# DIY Rerailer



## jfynyson (Nov 10, 2014)

I did a couple quick searches and have not seen where anyone has done this, but surely someone has. I'm looking for plans for a DIY rerailer for HO & N scales for my son to use until he gets the hang of a fixing each wheel truck onto the rails properly. He gets discouraged when he can't get them to fit the rails...especially w/ N scale. I'm sure we've all been there before though...

I'm thinking of a block of wood made like the plastic rerailers I've seen for sale. Yes, I could pay for one but thought it would be cool to build one from scrap wood I have. Also thinking it would be even cooler if the same DIY rerailer could be made to use for both N & HO scales.

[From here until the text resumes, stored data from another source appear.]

lemma trinom_sum_eq_const_term:
  "(\<Sum>a\<in>{0..m}. \<Sum>l\<in>{- int k..int k + 1}. trinom m (int a) (int a + l)) =
    fls_nth (motzkin_step ^ m * window (int k)) 0"
  by (simp add: const_term_times_window fls_nth_motzkin_step_power sum.swap[of _ "{0..m}"])

section \<open>Hankel determinants of a linear functional\<close>

lemma det_unit_lower_triangular:
  fixes A :: "'a::comm_ring_1 mat"
  assumes "A \<in> carrier_mat n n"
    and "\<And>i j. i < j \<Longrightarrow> j < n \<Longrightarrow> A $$ (i, j) = 0" "\<And>i. i < n \<Longrightarrow> A $$ (i, i) = 1"
  shows "det A = 1"
proof -
  have "det A = prod_list (diag_mat A)"
    by (rule det_lower_triangular[OF _ assms(1)]) (use assms(2) in auto)
  also have "diag_mat A = replicate n 1"
    using assms(1,3) by (intro nth_equalityI) (auto simp: diag_mat_def)
  finally show ?thesis
    by simp
qed

lemma sum_monom_coeff_lessThan: "degree p < n \<Longrightarrow> (\<Sum>a<n. monom (coeff p a) a) = p"
  by (intro poly_eqI) (auto simp: coeff_sum coeff_eq_0)

definition monic_of_degree :: "nat \<Rightarrow> 'a::zero_neq_one poly \<Rightarrow> bool" where
  "monic_of_degree i p \<longleftrightarrow> degree p \<le> i \<and> coeff p i = 1"

lemma det_coeff_mat_monic:
  assumes "\<And>i. i < n \<Longrightarrow> monic_of_degree i (P i)"
  shows "det (mat n n (\<lambda>(i, a). coeff (P i) a)) = (1 :: 'a::comm_ring_1)"
proof (rule det_unit_lower_triangular)
  fix i j assume "i < j" "j < n"
  with assms[of i] show "mat n n (\<lambda>(i, a). coeff (P i) a) $$ (i, j) = 0"
    by (simp add: monic_of_degree_def coeff_eq_0)
qed (use assms in \<open>auto simp: monic_of_degree_def\<close>)

lemma mat_functional_factorization:
  fixes L :: "'a::comm_ring_1 poly \<Rightarrow> 'a" and P Q :: "nat \<Rightarrow> 'a poly"
  assumes L_add: "\<And>p q. L (p + q) = L p + L q"
    and L_smult: "\<And>c p. L (smult c p) = c * L p"
    and deg: "\<And>i. i < n \<Longrightarrow> degree (P i) < n" "\<And>j. j < n \<Longrightarrow> degree (Q j) < n"
  shows "mat n n (\<lambda>(i, j). L (P i * Q j)) =
    mat n n (\<lambda>(i, a). coeff (P i) a) * mat n n (\<lambda>(a, b). L (monom 1 (a + b))) *
      transpose_mat (mat n n (\<lambda>(j, b). coeff (Q j) b))"
    (is "_ = ?CP * ?H * transpose_mat ?CQ")
proof (rule eq_matI)
  have L_sum: "L (sum f A) = (\<Sum>x\<in>A. L (f x))" if "finite A" for f :: "'b \<Rightarrow> 'a poly" and A
    using that by (induction A rule: finite_induct) (auto simp: L_add L_smult[of 0 0, simplified])
  fix i j assume "i < dim_row (?CP * ?H * transpose_mat ?CQ)" "j < dim_col (?CP * ?H * transpose_mat ?CQ)"
  then have i: "i < n" and j: "j < n"
    by auto
  have "P i * Q j = (\<Sum>a<n. monom (coeff (P i) a) a) * (\<Sum>b<n. monom (coeff (Q j) b) b)"
    using deg i j by (simp add: sum_monom_coeff_lessThan)
  also have "\<dots> = (\<Sum>a<n. \<Sum>b<n. smult (coeff (P i) a * coeff (Q j) b) (monom 1 (a + b)))"
    by (simp add: sum_distrib_left sum_distrib_right mult_monom smult_monom mult.commute)
      (rule sum.swap)
  finally have "L (P i * Q j) = (\<Sum>a<n. \<Sum>b<n. coeff (P i) a * coeff (Q j) b * L (monom 1 (a + b)))"
    by (simp add: L_sum L_smult)
  also have "\<dots> = (?CP * ?H * transpose_mat ?CQ) $$ (i, j)"
    using i j by (simp add: scalar_prod_def sum_distrib_left sum_distrib_right atLeast0LessThan algebra_simps)
      (subst sum.swap, simp add: algebra_simps)
  finally show "mat n n (\<lambda>(i, j). L (P i * Q j)) $$ (i, j) = (?CP * ?H * transpose_mat ?CQ) $$ (i, j)"
    using i j by simp
qed auto

lemma det_hankel_change_of_basis:
  fixes L :: "'a::comm_ring_1 poly \<Rightarrow> 'a" and P Q :: "nat \<Rightarrow> 'a poly"
  assumes "\<And>p q. L (p + q) = L p + L q" "\<And>c p. L (smult c p) = c * L p"
    and P: "\<And>i. i < n \<Longrightarrow> monic_of_degree i (P i)"
    and Q: "\<And>j. j < n \<Longrightarrow> monic_of_degree j (Q j)"
  shows "det (mat n n (\<lambda>(i, j). L (P i * Q j))) = det (mat n n (\<lambda>(i, j). L (monom 1 (i + j))))"
proof -
  have "degree (P i) < n" "degree (Q i) < n" if "i < n" for i
    using P[OF that] Q[OF that] that by (auto simp: monic_of_degree_def)
  then have "det (mat n n (\<lambda>(i, j). L (P i * Q j))) = det (
      mat n n (\<lambda>(i, a). coeff (P i) a) * mat n n (\<lambda>(i, j). L (monom 1 (i + j))) *
        transpose_mat (mat n n (\<lambda>(j, b). coeff (Q j) b)))"
    using assms(1,2) by (subst mat_functional_factorization) auto
  also have "\<dots> = det (mat n n (\<lambda>(i, a). coeff (P i) a)) * det (mat n n (\<lambda>(i, j). L (monom 1 (i + j)))) *
      det (mat n n (\<lambda>(j, b). coeff (Q j) b))"
    by (simp add: det_mult[of _ n] det_transpose[of _ n] mult_carrier_mat[of _ n n])
  finally show ?thesis
    by (simp add: det_coeff_mat_monic P Q)
qed

definition eval_step :: "int poly \<Rightarrow> int fls" where
  "eval_step p = poly (of_int_poly p) motzkin_step"

lemma eval_step_add: "eval_step (p + q) = eval_step p + eval_step q"
  and eval_step_diff: "eval_step (p - q) = eval_step p - eval_step q"
  and eval_step_mult: "eval_step (p * q) = eval_step p * eval_step q"
  and eval_step_smult: "eval_step (smult c p) = of_int c * eval_step p"
  and eval_step_pCons: "eval_step (pCons c p) = of_int c + motzkin_step * eval_step p"
  and eval_step_monom: "eval_step (monom 1 m) = motzkin_step ^ m"
  and eval_step_1: "eval_step 1 = 1"
  by (simp_all add: eval_step_def of_int_poly_hom.hom_add of_int_poly_hom.hom_minus
      of_int_poly_hom.hom_mult of_int_hom.map_poly_hom_smult of_int_hom.map_poly_pCons_hom
      poly_monom)

lemma eval_step_linear: "eval_step [:c, 1:] = of_int c + motzkin_step"
  by (simp add: eval_step_pCons eval_step_def)

lemma fls_nth_eval_step_uminus: "fls_nth (eval_step p) (- n) = fls_nth (eval_step p) n"
proof (induction p arbitrary: n rule: pCons_induct)
  case 0
  then show ?case
    by (simp add: eval_step_def)
next
  case (pCons c p)
  have reflect: "a = - b \<Longrightarrow> fls_nth (eval_step p) a = fls_nth (eval_step p) b" for a b
    using pCons.IH by blast
  show ?case
    using reflect[of "- n - 1" "n + 1"] reflect[of "- n" n] reflect[of "- n + 1" "n - 1"]
    by (simp add: eval_step_pCons fls_nth_motzkin_step_times fls_of_int_nth)
qed

definition moment :: "nat \<Rightarrow> int poly \<Rightarrow> int" where
  "moment k p = fls_nth (eval_step p * window (int k)) 0"

lemma moment_add: "moment k (p + q) = moment k p + moment k q"
  by (simp add: moment_def eval_step_add distrib_right)

lemma moment_0: "moment k 0 = 0"
  by (simp add: moment_def eval_step_def)

lemma moment_smult: "moment k (smult c p) = c * moment k p"
  by (simp add: moment_def eval_step_smult mult.assoc)

lemma moment_monom: "moment k (monom 1 m) = fls_nth (motzkin_step ^ m * window (int k)) 0"
  by (simp add: moment_def eval_step_monom)

text \<open>As \<open>eval_step p\<close> is symmetric under \<open>x \<mapsto> x\<^sup>-\<^sup>1\<close>, the functional does not
  change when the window is shifted by one to \<open>x\<^sup>-\<^sup>k + \<dots> + x\<^sup>k\<^sup>+\<^sup>1\<close>.\<close>
lemma twice_moment:
  "2 * moment k p = fls_nth (eval_step p * (1 + lmonom 1) * window (int k)) 0"
proof -
  let ?f = "eval_step p" and ?w = "window (int k)"
  have "?f * ?w - ?f * lmonom 1 * ?w = ?f * ((1 - lmonom 1) * ?w)"
    by (simp add: algebra_simps)
  also have "\<dots> = ?f * lmonom (- int k - 1) - ?f * lmonom (int k + 1)"
    by (simp add: one_minus_lmonom_1_times_window right_diff_distrib)
  finally have "fls_nth (?f * ?w - ?f * lmonom 1 * ?w) 0 = fls_nth ?f (int k + 1) - fls_nth ?f (- (int k + 1))"
    by (simp only: fls_minus_nth fls_nth_times_lmonom) (simp add: add.commute)
  then show ?thesis
    using fls_nth_eval_step_uminus[of p "int k + 1"] by (simp add: moment_def distrib_left distrib_right)
qed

Thanks in advance for any input


----------



## wvgca (Jan 21, 2013)

i have seen plastic ramps or wedges that you could probably make out of wood..the bottom had grooves that ft the track, and on top there were two grooves slightly narrower that that wheel flanges dropped into... a little sideways wiggles, and down onto the track with all wheelsets lined up...


----------



## DonR (Oct 18, 2012)

Here's one that works great for n scale...and you can
enjoy the source...the cold fact is you will have it licked.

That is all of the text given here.